(* T translates each of its 2m pieces, and the images of B_1, A_1, ..., B_m, A_m are the
   consecutive intervals [image_cut j, image_cut (j + 1)). H x is the binary number whose digits
   record the visits of the orbit of x to B, so H x = (\<chi>_B x + H (T x)) / 2; H is nondecreasing,
   takes values in (0,1), is below 1/2 on A and above 1/2 on B.
   Put c_j = H (image_cut j) for 0 < j < 2m, c_0 = 0 and c_2m = 1. If T x lies in the j-th image
   interval, then H (T x) \<in> [c_j, c_(j+1)] and H x = H (T x) / 2 + [j even] / 2. So H([0,1)) lies in
   the closure of the image of the selector \<eta> y = y / 2 + [j even] / 2 (for y \<in> [c_j, c_(j+1))),
   which jumps exactly at c_1, ..., c_(2m-1) provided these are strictly increasing.
   That is the heart of the matter: if H (image_cut j) = H (image_cut (j + 1)), the two points have
   the same itinerary; the interval between their orbits is then eventually translated rigidly by T,
   which forces both points to be periodic, whereas their T-preimages lie on opposite sides of
   the A/B boundary. *)

lemma strict_mono_on_atMostI:
  fixes p :: "nat \<Rightarrow> 'a::order"
  assumes "\<And>k. k < n \<Longrightarrow> p k < p (Suc k)"
  shows "strict_mono_on {..n} p"
proof (rule strict_mono_onI)
  fix i j assume "i \<in> {..n}" "j \<in> {..n}" "i < j"
  then show "p i < p j"
  proof (induction j)
    case (Suc j)
    then have "p j < p (Suc j)" using assms by simp
    then show ?case using Suc by (cases "i = j") (auto intro: less_trans)
  qed simp
qed

lemma interval_index_exists:
  fixes p :: "nat \<Rightarrow> 'a::linorder"
  assumes "p 0 \<le> x" "x < p n"
  obtains k where "k < n" "p k \<le> x" "x < p (Suc k)"
proof -
  define j where "j = (LEAST j. x < p j)"
  have "x < p j" unfolding j_def by (rule LeastI[of _ n]) (rule assms(2))
  moreover have "j \<le> n" unfolding j_def using assms(2) by (rule Least_le)
  moreover have "j \<noteq> 0" using assms(1) \<open>x < p j\<close> by (metis leD)
  moreover have "\<not> x < p (j - 1)" unfolding j_def by (rule not_less_Least) (use \<open>j \<noteq> 0\<close> j_def in simp)
  ultimately show ?thesis using that[of "j - 1"] by simp
qed

lemma interval_index_mono:
  fixes p :: "nat \<Rightarrow> 'a::linorder"
  assumes "strict_mono_on {..n} p" "k < n" "p k \<le> x" "x \<le> y" "y < p (Suc l)"
  shows "k \<le> l"
proof (rule ccontr)
  assume "\<not> k \<le> l"
  then have "p (Suc l) \<le> p k" using assms(1,2) by (auto intro: strict_mono_on_leD[OF assms(1)])
  then show False using assms(3-5) by simp
qed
----------------
> **Work task**: In the entries above, find each line with the word "moreover" and copy it.

> **Result of this exercise**:
  moreover have "j \<le> n" unfolding j_def using assms(2) by (rule Least_le)
  moreover have "j \<noteq> 0" using assms(1) \<open>x < p j\<close> by (metis leD)
  moreover have "\<not> x < p (j - 1)" unfolding j_def by (rule not_less_Least) (use \<open>j \<noteq> 0\<close> j_def in simp)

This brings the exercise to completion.